I was working on a project with User
and Costumer
identificação. The first is generated by the web app, and the second by the business department.
So I had to develop a logic to make those match between identifications.
The User
entity needs to know the Costumer
identification and, in order to make the match, first I selected the users without a costumer and extracted a list of emails. Then, I selected the customers based on this email list.
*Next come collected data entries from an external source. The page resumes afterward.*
(* Let $g \in L^2(\mathbb{R}^d)$ be an arbitrary real-valued window function. If $\mathcal{L} \subseteq \mathbb{R}^{2d}$ satisfies $\mathcal{L} \subseteq \Lambda \times \mathbb{R}^d$ for some lattice $\Lambda \subseteq \mathbb{R}^d$, then the set $$\mathcal{N}_{\mathbb{R}}(g,\mathcal{L}) = \{ f \in L^2(\mathbb{R}^d, \mathbb{R}) : \exists h \in L^2(\mathbb{R}^d, \mathbb{R}) \text{ with } h \nsim f \text{ and } |V_gf(z)| = |V_gh(z)|\ \forall z\in\mathcal{L} \}$$ contains an infinite-dimensional cone.
   Context: $V_gf(x,\omega)=\int_{\mathbb{R}^d} f(t)\overline{g(t-x)}e^{-2\pi i \omega\cdot t}\,dt$ is the short-time Fourier transform. $L^2(\mathbb{R}^d,\mathbb{R})$ denotes the real-valued functions in $L^2(\mathbb{R}^d)$. For functions $f,h$, $f\sim h$ means there is $\nu\in\mathbb{C}$, $|\nu|=1$, with $f=\nu h$; $f\nsim h$ means this fails. A lattice in $\mathbb{R}^d$ is $A\mathbb{Z}^d$ with $A\in\mathrm{GL}_d(\mathbb{R})$. A cone in a vector space $V$ is a set $C$ with $\kappa C\subseteq C$ for all $\kappa>0$; it is infinite-dimensional if not contained in any finite-dimensional subspace. *)

theory Defs
  imports "HOL-Analysis.Analysis"
begin

definition L2R :: "(real^'d \<Rightarrow> real) set" where
  "L2R = {f. f \<in> borel_measurable lebesgue \<and> integrable lebesgue (\<lambda>t. (f t)^2)}"

definition stft :: "(real^'d \<Rightarrow> complex) \<Rightarrow> (real^'d \<Rightarrow> complex) \<Rightarrow> (real^'d) \<times> (real^'d) \<Rightarrow> complex" where
  "stft g f z = (LINT t|lebesgue. f t * cnj (g (t - fst z)) * cis (- (2 * pi * (snd z \<bullet> t))))"

definition phase_equiv :: "(real^'d \<Rightarrow> complex) \<Rightarrow> (real^'d \<Rightarrow> complex) \<Rightarrow> bool" where
  "phase_equiv f h \<longleftrightarrow> (\<exists>\<nu>. cmod \<nu> = 1 \<and> (AE t in lebesgue. f t = \<nu> * h t))"

definition is_lattice :: "(real^'d) set \<Rightarrow> bool" where
  "is_lattice \<Lambda> \<longleftrightarrow> (\<exists>A :: real^'d^'d. invertible A \<and>
       \<Lambda> = (\<lambda>k. A *v k) ` {k. \<forall>i. k $ i \<in> \<int>})"

definition N_R :: "(real^'d \<Rightarrow> real) \<Rightarrow> ((real^'d) \<times> (real^'d)) set \<Rightarrow> (real^'d \<Rightarrow> real) set" where
  "N_R g L = {f \<in> L2R. \<exists>h \<in> L2R.
      \<not> phase_equiv (\<lambda>t. complex_of_real (f t)) (\<lambda>t. complex_of_real (h t)) \<and>
      (\<forall>z\<in>L. cmod (stft (\<lambda>t. complex_of_real (g t)) (\<lambda>t. complex_of_real (f t)) z)
             = cmod (stft (\<lambda>t. complex_of_real (g t)) (\<lambda>t. complex_of_real (h t)) z))}"

definition is_cone_fun :: "('a \<Rightarrow> real) set \<Rightarrow> bool" where
  "is_cone_fun C \<longleftrightarrow> (\<forall>f\<in>C. \<forall>\<kappa>::real. \<kappa> > 0 \<longrightarrow> (\<lambda>t. \<kappa> * f t) \<in> C)"

definition inf_dim_L2 :: "(real^'d \<Rightarrow> real) set \<Rightarrow> bool" where
  "inf_dim_L2 C \<longleftrightarrow> \<not> (\<exists>B. finite B \<and>
     (\<forall>f\<in>C. \<exists>c :: (real^'d \<Rightarrow> real) \<Rightarrow> real. AE t in lebesgue. f t = (\<Sum>b\<in>B. c b * b t)))"

end

theory Submission
  imports Defs
begin

(*
  Choose l with l . p an integer for every lattice point p (a row of the inverse of the
  lattice matrix), and let w t = 1 + frac (l . t).  Then w is Lambda-periodic, takes values
  in [1, 2), and w (-t) \<noteq> w t off the null set of hyperplanes where 2 (l . t) is an
  integer.  For phi t = g (-t) and a Lambda-periodic a, the substitution t = p - s shows
  that phi * a and phi * a(-.) have STFTs of equal modulus at every (p, omega) with p in
  Lambda.  Taking a = kappa w^n with n \<ge> 1 gives a cone of such f, and f is not a
  unimodular multiple of its partner since |w t| \<noteq> |w (-t)| on the support of phi.
  The cone is infinite-dimensional: a linear relation among phi w, ..., phi w^N would give
  phi P(w) = 0 a.e. for a nonzero polynomial P, but w avoids the finitely many roots of P
  almost everywhere.  If g vanishes a.e., the STFT vanishes identically and the indicator
  of the unit cube can play the role of phi.
*)

lemma
  fixes a :: "'a::euclidean_space"
  shows distr_lebesgue_reflect: "distr lebesgue lebesgue (\<lambda>x. a - x) = lebesgue"
    and measurable_lebesgue_reflect: "(\<lambda>x. a - x) \<in> lebesgue \<rightarrow>\<^sub>M lebesgue"
proof -
  have eq: "(\<lambda>x. a + (\<Sum>j\<in>Basis. ((-1) * (x \<bullet> j)) *\<^sub>R j)) = (\<lambda>x::'a. a - x)"
  proof
    fix x :: 'a
    have "(\<Sum>j\<in>Basis. ((-1) * (x \<bullet> j)) *\<^sub>R j) = - (\<Sum>j\<in>Basis. (x \<bullet> j) *\<^sub>R j)"
      by (simp add: sum_negf[symmetric])
    then show "a + (\<Sum>j\<in>Basis. ((-1) * (x \<bullet> j)) *\<^sub>R j) = a - x"
      by (simp add: euclidean_representation)
  qed
  have "lebesgue = density (distr lebesgue lebesgue (\<lambda>x. a - x))
      (\<lambda>_. (\<Prod>j\<in>(Basis::'a set). \<bar>-1::real\<bar>))"
    unfolding eq[symmetric] by (rule lebesgue_affine_euclidean) simp
  then show "distr lebesgue lebesgue (\<lambda>x. a - x) = lebesgue"
    by (simp add: density_1)
  show "(\<lambda>x. a - x) \<in> lebesgue \<rightarrow>\<^sub>M lebesgue"
    unfolding eq[symmetric] by (rule lebesgue_affine_measurable) simp
qed

lemma integral_lebesgue_reflect:
  fixes F :: "'a::euclidean_space \<Rightarrow> 'b::{banach, second_countable_topology}"
  assumes "F \<in> borel_measurable lebesgue"
  shows "integral\<^sup>L lebesgue F = (LINT x|lebesgue. F (a - x))"
  using integral_distr[OF measurable_lebesgue_reflect assms, of a]
  by (simp add: distr_lebesgue_reflect)

lemma null_sets_lebesgue_reflect:
  fixes S :: "'a::euclidean_space set"
  assumes "S \<in> null_sets lebesgue"
  shows "{x. a - x \<in> S} \<in> null_sets lebesgue"
  using assms null_sets_distr_iff[OF measurable_lebesgue_reflect[of a], of S]
  by (simp add: distr_lebesgue_reflect vimage_def null_setsD2)

lemma AE_lebesgue_reflect:
  fixes a :: "'a::euclidean_space"
  assumes "AE x in lebesgue. P x"
  shows "AE x in lebesgue. P (a - x)"
proof -
  from assms obtain N where N: "{x. \<not> P x} \<subseteq> N" "N \<in> null_sets lebesgue"
    unfolding eventually_ae_filter by auto
  from null_sets_lebesgue_reflect[OF N(2)] show ?thesis
    by (rule AE_I') (use N(1) in auto)
qed

lemma
  fixes f :: "'a::euclidean_space \<Rightarrow> 'b::euclidean_space"
  assumes "f \<in> borel_measurable lebesgue"
  shows borel_measurable_lebesgue_uminus: "(\<lambda>x. f (- x)) \<in> borel_measurable lebesgue"
    and borel_measurable_lebesgue_translate: "(\<lambda>x. f (x - a)) \<in> borel_measurable lebesgue"
  using borel_measurable_affine[OF assms, of "-1" 0] borel_measurable_affine[OF assms, of 1 "-a"]
  by simp_all

lemma L2R_uminus:
  assumes "f \<in> L2R"
  shows "(\<lambda>t. f (- t)) \<in> L2R"
proof -
  have f: "f \<in> borel_measurable lebesgue" "integrable lebesgue (\<lambda>t. (f t)\<^sup>2)"
    using assms by (auto simp: L2R_def)
  then have "(\<lambda>t. (f t)\<^sup>2) \<in> borel_measurable lebesgue" by measurable
  from integrable_distr_eq[OF measurable_lebesgue_reflect this, of 0] f(2)
  have "integrable lebesgue (\<lambda>t. (f (0 - t))\<^sup>2)"
    unfolding distr_lebesgue_reflect by blast
  then show ?thesis
    using borel_measurable_lebesgue_uminus[OF f(1)] by (simp add: L2R_def)
qed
This statement can be transcribed to SQL syntax, like this:
SELECT *
FROM Customers
WHERE email IN (SELECT email FROM Users WHERE CustomerId IS NULL)
But how to translate the SQL to C# LINQ API?
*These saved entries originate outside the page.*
lemma multiplicity_fact_recursion:
  "b < nat p \<Longrightarrow> multiplicity p (fact (nat p * a + b) :: int) = a + multiplicity p (fact a :: int)"
proof (induction a arbitrary: b)
  case 0
  have "\<not> p dvd fact b"
  proof
    assume "p dvd fact b"
    then have "nat p dvd fact b"
      using p_pos by (metis int_dvd_int_iff nat_0_le of_nat_fact less_imp_le)
    then show False using 0 prime_nat_p by (simp add: prime_dvd_fact_iff)
  qed
  then show ?case by (simp add: not_dvd_imp_multiplicity_0)
next
  case (Suc a)
  show ?case using Suc.prems
  proof (induction b)
    case 0
    define m where "m = nat p * a + (nat p - 1)"
    have suc: "Suc m = nat p * Suc a" using p_gt_1 unfolding m_def by simp
    have "int (Suc m) = p * int (Suc a)"
      unfolding suc using p_pos by (simp add: algebra_simps less_imp_le)
    then have "multiplicity p (int (Suc m)) = Suc (multiplicity p (int (Suc a)))"
      using multiplicity_times_same[of "int (Suc a)" p] by (simp del: of_nat_Suc)
    moreover have "multiplicity p (fact m :: int) = a + multiplicity p (fact a :: int)"
      unfolding m_def by (rule Suc.IH) (use p_gt_1 in simp)
    ultimately show ?case
      using multiplicity_fact_Suc[of m] multiplicity_fact_Suc[of a] by (simp add: suc del: of_nat_Suc)
  next
    case (Suc b)
    have "\<not> p dvd int (Suc (nat p * Suc a + b))"
    proof
      assume "p dvd int (Suc (nat p * Suc a + b))"
      then have "p dvd p * int (Suc a) + int (Suc b)"
        using p_pos by (simp add: algebra_simps less_imp_le)
      then have "p dvd int (Suc b)" by (simp add: dvd_add_right_iff)
      then show False using Suc.prems zdvd_imp_le[of p "int (Suc b)"] by linarith
    qed
    then show ?case
      using Suc multiplicity_fact_Suc[of "nat p * Suc a + b"] by (simp add: not_dvd_imp_multiplicity_0)
  qed
qed

lemma multiplicity_fact_less:
  "0 < m \<Longrightarrow> (p - 1) * int (multiplicity p (fact m :: int)) < int m"
proof (induction m rule: less_induct)
  case (less m)
  define a where "a = m div nat p"
  have m: "m = nat p * a + m mod nat p" unfolding a_def by simp
  have v: "multiplicity p (fact m :: int) = a + multiplicity p (fact a :: int)"
    using multiplicity_fact_recursion[of "m mod nat p" a] p_gt_1 m by simp
  show ?case
  proof (cases "a = 0")
    case True
    then show ?thesis using v less.prems by simp
  next
    case False
    have "a < m"
      unfolding a_def using p_gt_1 less.prems by (intro div_less_dividend) auto
    then have "(p - 1) * int (multiplicity p (fact a :: int)) < int a"
      using False less.IH by simp
    moreover have "p * int a \<le> int m"
      using m p_pos by (metis le_add1 nat_0_le of_nat_le_iff of_nat_mult int_nat_eq less_imp_le)
    ultimately show ?thesis using v by (simp add: algebra_simps)
  qed
qed
(* Let $\mathcal{G}_n$ be the set of binary words $w=w_1\cdots w_{2n}$ with $n$ zeros and $n$ ones. For $w\in\mathcal{G}_n$ let $o_{00}(w)=|\{i\in[n]: w_{2i-1}w_{2i}=00\}|$, $o_0(w)=|\{i\in[n]: w_{2i-1}=0\}|$, $\#_{001}(w)$ the number of occurrences of $001$ as a consecutive subword of $w$, and $\#_{01}(w)$ the number of occurrences of $01$ as a consecutive subword of $w$. Then there is a bijection $\phi:\mathcal{G}_n\to\mathcal{G}_n$ such that for all $w\in\mathcal{G}_n$, $$o_{00}(w)=\#_{001}(\phi(w))\quad\text{and}\quad o_0(w)=\#_{01}(\phi(w)).$$
   Context: $[n]=\{1,2,\dots,n\}$. *)

theory Defs
  imports Main
begin

text \<open>Binary words are lists over {0,1} (type nat); letter w_j of the paper is w ! (j-1).\<close>

definition G :: "nat \<Rightarrow> nat list set" where
  "G n = {w. length w = 2 * n \<and> set w \<subseteq> {0, 1} \<and>
              length (filter (\<lambda>x. x = 0) w) = n \<and> length (filter (\<lambda>x. x = 1) w) = n}"

definition o00 :: "nat \<Rightarrow> nat list \<Rightarrow> nat" where
  "o00 n w = card {i \<in> {1..n}. w ! (2*i - 2) = 0 \<and> w ! (2*i - 1) = 0}"

definition o0 :: "nat \<Rightarrow> nat list \<Rightarrow> nat" where
  "o0 n w = card {i \<in> {1..n}. w ! (2*i - 2) = 0}"

definition occ001 :: "nat list \<Rightarrow> nat" where
  "occ001 w = card {i. i + 2 < length w \<and> w ! i = 0 \<and> w ! (i+1) = 0 \<and> w ! (i+2) = 1}"

definition occ01 :: "nat list \<Rightarrow> nat" where
  "occ01 w = card {i. i + 1 < length w \<and> w ! i = 0 \<and> w ! (i+1) = 1}"

end

theory Submission
  imports Defs
begin

text \<open>
  A binary word v is determined by two codes: the word marking which of its 1s are preceded
  by 0, and the word marking which of its 0s are followed by 1. Both codes contain one 1 per
  factor 01 of v, and every pair of binary words with equally many 1s is the pair of codes of
  a unique word. Moreover the factors 001 of v are exactly the factors 01 of its second code.

  Cut w \<in> G n into its n pairs. Let X mark the pairs starting with 0, A mark which of these
  are 00, and B mark which of the pairs starting with 1 are 11. As w is balanced, A and B
  contain equally many 1s, so they are the codes of a word Y of length n with as many 1s as X;
  then X and Y are the codes of a word \<phi>(w) \<in> G n. Reading the codes backwards inverts \<phi>.
  Counting 1s in the codes gives #01(\<phi>(w)) = #1(X) = o0(w) and
  #001(\<phi>(w)) = #01(Y) = #1(B) = #1(A) = o00(w).
\<close>

abbreviation zeros :: "nat list \<Rightarrow> nat" where "zeros v \<equiv> length (filter (\<lambda>x. x = 0) v)"
abbreviation ones :: "nat list \<Rightarrow> nat" where "ones v \<equiv> length (filter (\<lambda>x. x = 1) v)"

lemma binary_zeros_plus_ones: "set v \<subseteq> {0, 1} \<Longrightarrow> zeros v + ones v = length v"
  by (induction v) auto

lemma binary_no_ones: "set Y \<subseteq> {0, 1} \<Longrightarrow> ones Y = 0 \<Longrightarrow> Y = replicate (length Y) 0"
  by (induction Y) auto

lemma card_Collect_nat_Suc:
  assumes "finite {i. P (Suc i)}"
  shows "card {i. P i} = of_bool (P 0) + card {i. P (Suc i)}"
proof -
  have "i \<in> {i. i = 0 \<and> P 0} \<union> Suc ` {i. P (Suc i)}" if "P i" for i
    using that by (cases i) auto
  then have "{i. P i} = {i. i = 0 \<and> P 0} \<union> Suc ` {i. P (Suc i)}"
    by auto
  then show ?thesis
    using assms by (simp add: card_Un_disjoint card_image)
qed

lemma card_atLeast1_atMost_Suc:
  "card {i \<in> {1..Suc n}. P i} = of_bool (P 1) + card {i \<in> {1..n}. P (Suc i)}"
proof -
  have "i \<in> {i. i = 1 \<and> P 1} \<union> Suc ` {i \<in> {1..n}. P (Suc i)}" if "i \<in> {1..Suc n}" "P i" for i
    using that by (cases "i = 1") (auto intro!: image_eqI[of i Suc "i - 1"])
  then have "{i \<in> {1..Suc n}. P i} = {i. i = 1 \<and> P 1} \<union> Suc ` {i \<in> {1..n}. P (Suc i)}"
    by auto
  then show ?thesis
    by (auto simp: card_image card_insert_if)
qed

lemma occ01_Nil [simp]: "occ01 [] = 0"
  by (simp add: occ01_def)

lemma occ01_Cons [simp]: "occ01 (a # v) = of_bool (a = 0 \<and> take 1 v = [1]) + occ01 v"
proof -
  have "occ01 (a # v) = of_bool (0 + 1 < length (a # v) \<and> a = 0 \<and> (a # v) ! 1 = 1) + occ01 v"
    unfolding occ01_def
    by (subst card_Collect_nat_Suc) (auto intro: finite_subset[where B = "{..<length v}"])
  then show ?thesis by (cases v) auto
qed

lemma occ001_Nil [simp]: "occ001 [] = 0"
  by (simp add: occ001_def)

lemma occ001_Cons [simp]: "occ001 (a # v) = of_bool (a = 0 \<and> take 2 v = [0, 1]) + occ001 v"
proof -
  have "occ001 (a # v) =
      of_bool (0 + 2 < length (a # v) \<and> a = 0 \<and> (a # v) ! 1 = 0 \<and> (a # v) ! 2 = 1) + occ001 v"
    unfolding occ001_def
    by (subst card_Collect_nat_Suc) (auto intro: finite_subset[where B = "{..<length v}"])
  then show ?thesis by (cases v; cases "tl v") (auto simp: numeral_2_eq_2)
qed

lemma o0_0 [simp]: "o0 0 w = 0" and o00_0 [simp]: "o00 0 w = 0"
  by (simp_all add: o0_def o00_def)

lemma o0_Suc [simp]: "o0 (Suc n) (a # b # u) = of_bool (a = 0) + o0 n u"
proof -
  have "(a # b # u) ! (2 * Suc i - 2) = u ! (2 * i - 2)" if "1 \<le> i" for i
    using that by (cases i) auto
  then show ?thesis
    unfolding o0_def card_atLeast1_atMost_Suc by (auto intro!: arg_cong[where f=card])
qed

lemma o00_Suc [simp]: "o00 (Suc n) (a # b # u) = of_bool (a = 0 \<and> b = 0) + o00 n u"
proof -
  have "(a # b # u) ! (2 * Suc i - 2) = u ! (2 * i - 2)"
    and "(a # b # u) ! (2 * Suc i - 1) = u ! (2 * i - 1)" if "1 \<le> i" for i
    using that by (cases i; auto)+
  then show ?thesis
    unfolding o00_def card_atLeast1_atMost_Suc by (auto intro!: arg_cong[where f=card])
qed

text \<open>In \<open>ones_code z v\<close> the flag \<open>z\<close> tells whether the letter just before \<open>v\<close> is 0.\<close>

fun ones_code :: "bool \<Rightarrow> nat list \<Rightarrow> nat list" where
  "ones_code z [] = []"
| "ones_code z (a # v) = (if a = 1 then of_bool z # ones_code False v else ones_code True v)"

fun zeros_code :: "nat list \<Rightarrow> nat list" where
  "zeros_code [] = []"
| "zeros_code (a # v) = (if a = 0 then of_bool (take 1 v = [1]) # zeros_code v else zeros_code v)"

fun decode :: "nat list \<Rightarrow> nat list \<Rightarrow> nat list" where
  "decode [] Y = replicate (length Y) 0"
| "decode (x # X) [] = 1 # decode X []"
| "decode (x # X) (y # Y) =
    (if x = 0 then 1 # decode X (y # Y)
     else if y = 0 then 0 # decode (x # X) Y
     else 0 # 1 # decode X Y)"

lemma binary_ones_code: "set (ones_code z v) \<subseteq> {0, 1}"
  by (induction z v rule: ones_code.induct) auto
- First, make the selection from Users, extracting the list of emails
- Select the Customers with those emails
This way:
var emails = _userManager.Users
.Where(user => user.CustomerId == null)
.Select(user => user.Email) // extract the emails from users
.ToList();
var customers = _applicationRepository.GetCustomers()
.Where(customer => emails.Contains(customer.Email)) // the Contains method carry the IN logic when translated to SQL script
.ToList();
Now we have the match programmatically.
That's it!
Top comments (9)
Thank Alex,
the translation looked easy to understand as the LINQ version matches with SQL statement 👍.
And I have a question regarding the conversion.
Would the LINQ version fetch all data from database first and filter (using
Where
clause) in memory?or
would the query create an optimal syntax to send to the database and fetch only filtered records?
Calling
ToList()
results in execution of the query. So the first statement will make an in memory list of email addresses.To get a better feel for what's happening you can intercept the actual queries. Assuming Entity framework is used: Log Queries executed by Entity Framework DbContext.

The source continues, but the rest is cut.